As we’ve marked the connector as dynamic we will have to instruct the platform how to properly retrieve the meta-information. We need to create a simple file beside the main json descriptor under

META-INF/syndesis/connector/meta/mongodb3

This will contain a simple configuration pointing at the right java class:

class=io.syndesis.connector.mongo.meta.MongoDBMetadataRetrieval

The class has to extend io.syndesis.connector.support.verifier.api.ComponentMetadataRetrieval with only a method, whose goal is to either retrieve the meta information you need, or, adapt the ones that may be already provided by the upstream component that you’re extending from Camel. You should possibly adopt this last strategy deferring to the platform (Camel in our case) the duty to retrieve such meta information.

public final class MongoDBMetadataRetrieval extends ComponentMetadataRetrieval {
    @Override
    protected SyndesisMetadata adapt(CamelContext context, String componentId, String actionId, Map<String, Object> properties, MetaDataExtension.MetaData metadata) {
        String jsonPayload = metadata.getPayload(String.class);
        LOGGER.debug("Adapting meta retrieved by upstream component {}", jsonPayload);
        DataShape jsonSchemaDataShape = new DataShape.Builder()
            .name(String.format("%s.%s", properties.get("database"), properties.get("collection")))
            .description(String.format("Schema validator for %s collection", properties.get("collection")))
            .kind(DataShapeKinds.JSON_SCHEMA)
            .specification(jsonPayload)
            .build();

        return SyndesisMetadata.of(jsonSchemaDataShape);
    }
}

The example above should ease the discussion. Our goal in Syndesis is to adapt the meta information coming from the upstream platform: in our case, the payload retrieved in the metadata parameter is a json-schema payload that the camel-mongodb component is getting on our behalf - it uses the information in the properties to query the database and collection and return the expected json-schema validator.

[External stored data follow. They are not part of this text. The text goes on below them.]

(* Let $G$ be a signed digraph that has an initial cycle. Then no Boolean network on $G$ is synchronizing.
   Context: A signed digraph on $V$ is $(V,E)$ with $E\subseteq V\times V\times\{-1,1\}$. A strong component is a maximal strongly connected induced subgraph; it is initial if no arc enters it from outside. An initial cycle is an initial strong component which is (isomorphic to) a cycle (a cycle has no repeated vertices; a loop is a cycle). A Boolean network (BN) is $f:\{0,1\}^V\to\{0,1\}^V$; its signed interaction digraph has a positive (negative) arc from $j$ to $i$ iff for some $x$ with $x_j=0$, $f_i(x+e_j)-f_i(x)$ is positive (negative). A BN on $G$ is one whose signed interaction digraph is $G$. $f^i(x)$ is $x$ with $x_i$ replaced by $f_i(x)$; $f^{i_1\cdots i_\ell}=f^{i_\ell}\circ\cdots\circ f^{i_1}$; $f$ is synchronizing if $f^w$ is constant for some word $w$. *)

theory Defs
  imports Main
begin

text \<open>The vertex set V is the (finite) universe of the type 'v.
  A signed digraph on V is a set of arcs (j, i, s) with s \<in> {-1, 1}.\<close>

type_synonym 'v sdigraph = "('v \<times> 'v \<times> int) set"

definition signed_digraph :: "'v sdigraph \<Rightarrow> bool" where
  "signed_digraph E \<longleftrightarrow> (\<forall>(j, i, s) \<in> E. s \<in> {-1, 1})"

definition arcs_in :: "'v sdigraph \<Rightarrow> 'v set \<Rightarrow> ('v \<times> 'v) set" where
  "arcs_in E C = {(u, w). u \<in> C \<and> w \<in> C \<and> (\<exists>s. (u, w, s) \<in> E)}"

definition strongly_connected_on :: "'v sdigraph \<Rightarrow> 'v set \<Rightarrow> bool" where
  "strongly_connected_on E C \<longleftrightarrow> C \<noteq> {} \<and>
     (\<forall>u \<in> C. \<forall>w \<in> C. (u, w) \<in> (arcs_in E C)\<^sup>*)"

definition strong_component :: "'v sdigraph \<Rightarrow> 'v set \<Rightarrow> bool" where
  "strong_component E C \<longleftrightarrow> strongly_connected_on E C \<and>
     (\<forall>D. C \<subseteq> D \<and> strongly_connected_on E D \<longrightarrow> D = C)"

definition initial_component :: "'v sdigraph \<Rightarrow> 'v set \<Rightarrow> bool" where
  "initial_component E C \<longleftrightarrow> strong_component E C \<and>
     (\<forall>u w s. (u, w, s) \<in> E \<and> w \<in> C \<longrightarrow> u \<in> C)"

text \<open>The signed subgraph induced by C is (isomorphic to) a cycle
  v_0 \<rightarrow> v_1 \<rightarrow> ... \<rightarrow> v_(n-1) \<rightarrow> v_0 (n \<ge> 1, distinct vertices; n = 1 is a loop),
  each arc carrying exactly one sign and no other arcs inside C.\<close>
definition is_cycle_on :: "'v sdigraph \<Rightarrow> 'v set \<Rightarrow> bool" where
  "is_cycle_on E C \<longleftrightarrow> (\<exists>n vs. n \<ge> 1 \<and> inj_on vs {..<n} \<and> C = vs ` {..<n} \<and>
     (\<forall>u \<in> C. \<forall>w \<in> C. \<forall>s. (u, w, s) \<in> E \<longrightarrow>
        (\<exists>i<n. u = vs i \<and> w = vs (Suc i mod n))) \<and>
     (\<forall>i<n. \<exists>!s. (vs i, vs (Suc i mod n), s) \<in> E))"

definition has_initial_cycle :: "'v sdigraph \<Rightarrow> bool" where
  "has_initial_cycle E \<longleftrightarrow> (\<exists>C. initial_component E C \<and> is_cycle_on E C)"

text \<open>Boolean networks: f : {0,1}^V \<rightarrow> {0,1}^V, with configurations 'v \<Rightarrow> bool
  (False = 0, True = 1).\<close>
definition interaction_graph :: "(('v \<Rightarrow> bool) \<Rightarrow> ('v \<Rightarrow> bool)) \<Rightarrow> 'v sdigraph" where
  "interaction_graph f =
     {(j, i, 1) | j i. \<exists>x. \<not> x j \<and> \<not> f x i \<and> f (x(j := True)) i} \<union>
     {(j, i, -1) | j i. \<exists>x. \<not> x j \<and> f x i \<and> \<not> f (x(j := True)) i}"

definition fupd :: "(('v \<Rightarrow> bool) \<Rightarrow> ('v \<Rightarrow> bool)) \<Rightarrow> 'v \<Rightarrow> ('v \<Rightarrow> bool) \<Rightarrow> ('v \<Rightarrow> bool)" where
  "fupd f i x = x(i := f x i)"

text \<open>f^{i_1...i_l} = f^{i_l} \<circ> ... \<circ> f^{i_1}: the first letter is applied first.\<close>
definition fword :: "(('v \<Rightarrow> bool) \<Rightarrow> ('v \<Rightarrow> bool)) \<Rightarrow> 'v list \<Rightarrow> ('v \<Rightarrow> bool) \<Rightarrow> ('v \<Rightarrow> bool)" where
  "fword f w = fold (fupd f) w"

definition synchronizing :: "(('v \<Rightarrow> bool) \<Rightarrow> ('v \<Rightarrow> bool)) \<Rightarrow> bool" where
  "synchronizing f \<longleftrightarrow> (\<exists>w c. \<forall>x. fword f w x = c)"

end

theory Submission
  imports Defs
begin

text \<open>Every vertex w of an initial cycle has exactly one in-neighbour u in the whole
  graph, its predecessor on the cycle, so f_w(x) is either x_u or its negation.
  Consequently the update f^j maps two configurations that are complementary on the
  cycle to two configurations that are again complementary on it. Applying any word
  to the all-zero and the all-one configuration therefore yields different results.\<close>

definition sole_in_neighbour :: "'v sdigraph \<Rightarrow> 'v \<Rightarrow> 'v \<Rightarrow> bool" where
  "sole_in_neighbour E u w \<longleftrightarrow> (\<exists>s. (u, w, s) \<in> E) \<and> (\<forall>j s. (j, w, s) \<in> E \<longrightarrow> j = u)"

definition complementary_on :: "'v set \<Rightarrow> ('v \<Rightarrow> bool) \<Rightarrow> ('v \<Rightarrow> bool) \<Rightarrow> bool" where
  "complementary_on C x y \<longleftrightarrow> (\<forall>v\<in>C. y v = (\<not> x v))"

lemma arc_in_interaction_graph_iff:
  "(\<exists>s. (j, w, s) \<in> interaction_graph f) \<longleftrightarrow> (\<exists>x. \<not> x j \<and> f x w \<noteq> f (x(j := True)) w)"
proof
  assume "\<exists>x. \<not> x j \<and> f x w \<noteq> f (x(j := True)) w"
  then obtain x where "\<not> x j" and "f x w \<noteq> f (x(j := True)) w" by blast
  then have "(j, w, if f x w then -1 else 1) \<in> interaction_graph f"
    unfolding interaction_graph_def by (cases "f x w") (simp_all, blast+)
  then show "\<exists>s. (j, w, s) \<in> interaction_graph f" ..
qed (auto simp: interaction_graph_def)

lemma update_eq_if_no_arc:
  assumes "\<forall>s. (j, w, s) \<notin> interaction_graph f"
  shows "f (x(j := b)) w = f (x(j := c)) w"
proof -
  have "f (x(j := False)) w = f (x(j := True)) w"
  proof (rule ccontr)
    assume "f (x(j := False)) w \<noteq> f (x(j := True)) w"
    then have "\<exists>s. (j, w, s) \<in> interaction_graph f"
      unfolding arc_in_interaction_graph_iff by (intro exI[of _ "x(j := False)"]) simp
    with assms show False by blast
  qed
  then show ?thesis by (cases b; cases c) auto
qed

lemma eq_if_agree_on_in_neighbours:
  fixes x y :: "'v::finite \<Rightarrow> bool"
  assumes in_nbrs: "\<And>j s. (j, w, s) \<in> interaction_graph f \<Longrightarrow> j \<in> U"
    and agree: "\<forall>j\<in>U. x j = y j"
  shows "f x w = f y w"
proof -
  have "f x w = f y w" if "finite D" "{j. x j \<noteq> y j} \<subseteq> D" "D \<inter> U = {}" for D
    using that
  proof (induction D arbitrary: x rule: finite_induct)
    case empty
    then have "x = y" by auto
    then show ?case by simp
  next
    case (insert j D)
    have "j \<notin> U" using insert.prems by blast
    then have no_arc: "\<forall>s. (j, w, s) \<notin> interaction_graph f" using in_nbrs by blast
    have "f x w = f (x(j := x j)) w" by simp
    also have "\<dots> = f (x(j := y j)) w"
      using no_arc by (rule update_eq_if_no_arc)
    also have "\<dots> = f y w"
      using insert.prems by (intro insert.IH) auto
    finally show ?case .
  qed
  from this[of "- U"] agree show ?thesis by auto
qed

lemma sole_in_neighbour_flips:
  fixes x y :: "'v::finite \<Rightarrow> bool"
  assumes "sole_in_neighbour (interaction_graph f) u w"
    and "y u = (\<not> x u)"
  shows "f y w = (\<not> f x w)"
proof -
  have in_nbr: "\<And>j s. (j, w, s) \<in> interaction_graph f \<Longrightarrow> j \<in> {u}"
    using assms(1) unfolding sole_in_neighbour_def by blast
  have depends_on_u: "f z w = f (x(u := z u)) w" for z
    using eq_if_agree_on_in_neighbours[where U = "{u}", OF in_nbr] by simp
  obtain z where "\<not> z u" and "f z w \<noteq> f (z(u := True)) w"
    using assms(1) arc_in_interaction_graph_iff unfolding sole_in_neighbour_def by metis
  then have "f (x(u := False)) w \<noteq> f (x(u := True)) w"
    using depends_on_u[of z] depends_on_u[of "z(u := True)"] by simp
  then show ?thesis
    using depends_on_u[of x] depends_on_u[of y] assms(2) by (cases "x u") auto
qed

context
  fixes f :: "('v::finite \<Rightarrow> bool) \<Rightarrow> ('v \<Rightarrow> bool)" and C :: "'v set"
  assumes sole: "\<forall>w\<in>C. \<exists>u\<in>C. sole_in_neighbour (interaction_graph f) u w"
begin

lemma complementary_on_fupd:
  assumes "complementary_on C x y"
  shows "complementary_on C (fupd f j x) (fupd f j y)"
  unfolding complementary_on_def
proof
  fix v assume "v \<in> C"
  then obtain u where "u \<in> C" and u: "sole_in_neighbour (interaction_graph f) u v"
    using sole by blast
  have "y u = (\<not> x u)"
    using assms \<open>u \<in> C\<close> unfolding complementary_on_def by blast
  with u have "f y v = (\<not> f x v)"
    by (rule sole_in_neighbour_flips)
  with \<open>v \<in> C\<close> assms show "fupd f j y v = (\<not> fupd f j x v)"
    unfolding complementary_on_def fupd_def by auto
qed

lemma complementary_on_fword:
  "complementary_on C x y \<Longrightarrow> complementary_on C (fword f ws x) (fword f ws y)"
  unfolding fword_def
  by (induction ws arbitrary: x y) (simp_all add: complementary_on_fupd)

lemma not_synchronizing_if_sole_in_neighbours:
  assumes "C \<noteq> {}"
  shows "\<not> synchronizing f"
proof
  assume "synchronizing f"
  then obtain ws c where const: "\<forall>x. fword f ws x = c"
    unfolding synchronizing_def by blast
  have "complementary_on C (fword f ws (\<lambda>_. False)) (fword f ws (\<lambda>_. True))"
    by (rule complementary_on_fword) (simp add: complementary_on_def)
  with const assms show False
    unfolding complementary_on_def by auto
qed

end

lemma Suc_mod_inj:
  assumes "i < n" "k < n" "Suc i mod n = Suc k mod (n::nat)"
  shows "i = k"
  using assms by (metis Suc_lessI mod_less mod_self nat.inject nat.simps(3))

lemma initial_cycle_sole_in_neighbour:
  assumes ini: "initial_component E C" and cyc: "is_cycle_on E C" and "w \<in> C"
  shows "\<exists>u\<in>C. sole_in_neighbour E u w"
proof -
  obtain n vs where "n \<ge> 1" and inj: "inj_on vs {..<n}" and C_eq: "C = vs ` {..<n}"
    and inside: "\<forall>u \<in> C. \<forall>w \<in> C. \<forall>s. (u, w, s) \<in> E \<longrightarrow>
        (\<exists>i<n. u = vs i \<and> w = vs (Suc i mod n))"
    and arcs: "\<forall>i<n. \<exists>!s. (vs i, vs (Suc i mod n), s) \<in> E"
    using cyc unfolding is_cycle_on_def by blast
  obtain m where "m < n" and w: "w = vs m" using \<open>w \<in> C\<close> C_eq by auto
  define i where "i = (m + n - 1) mod n"
  have "i < n" and m_eq: "m = Suc i mod n"
    using \<open>m < n\<close> \<open>n \<ge> 1\<close> unfolding i_def by (auto simp: mod_Suc_eq)
  have "sole_in_neighbour E (vs i) w"
    unfolding sole_in_neighbour_def
  proof (intro conjI allI impI)
    show "\<exists>s. (vs i, w, s) \<in> E" using arcs \<open>i < n\<close> w m_eq by blast
    fix j s assume arc: "(j, w, s) \<in> E"
    have "j \<in> C" using ini arc w C_eq \<open>m < n\<close> unfolding initial_component_def by blast
    then obtain k where "k < n" "j = vs k" and w_k: "w = vs (Suc k mod n)"
      using inside arc \<open>w \<in> C\<close> by blast
    have "Suc k mod n < n" using \<open>n \<ge> 1\<close> by simp
    with inj w w_k \<open>m < n\<close> have "Suc k mod n = Suc i mod n"
      unfolding m_eq by (metis inj_onD lessThan_iff)
    with \<open>k < n\<close> \<open>i < n\<close> \<open>j = vs k\<close> show "j = vs i" using Suc_mod_inj by blast
  qed
  then show ?thesis using C_eq \<open>i < n\<close> by blast
qed

theorem lemma2:
  fixes E :: "('v::finite) sdigraph"
  assumes "signed_digraph E"
    and "has_initial_cycle E"
  shows "\<not> (\<exists>f. interaction_graph f = E \<and> synchronizing f)"
proof
  assume "\<exists>f. interaction_graph f = E \<and> synchronizing f"
  then obtain f where E: "E = interaction_graph f" and "synchronizing f" by blast
  obtain C where ini: "initial_component E C" and cyc: "is_cycle_on E C"
    using assms(2) unfolding has_initial_cycle_def by blast
  have "C \<noteq> {}"
    using ini unfolding initial_component_def strong_component_def strongly_connected_on_def
    by blast
  moreover have "\<forall>w\<in>C. \<exists>u\<in>C. sole_in_neighbour (interaction_graph f) u w"
    using initial_cycle_sole_in_neighbour[OF ini cyc] E by blast
  ultimately have "\<not> synchronizing f"
    by (rule not_synchronizing_if_sole_in_neighbours[rotated])
  then show False using \<open>synchronizing f\<close> by contradiction
qed

end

Of course, this business logic may be different in each component, but the principle is the same: getting the meta information on the source/destination, parse it here and adapt according to Syndesis data model.

As we’de delegated the complex stuff to the platform, the rest is to simply adapt the format. You can see that we’re setting a nice name and description, the kind as json-schema and the retrieved specification. Finally we’re calling the SyndesisMetadata.of(...) that will set the datashape both for input and output. Cool, with this example you will be able now to adapt dynamically the datashape for any kind of connector, as you likely will have a different data structure for each of them.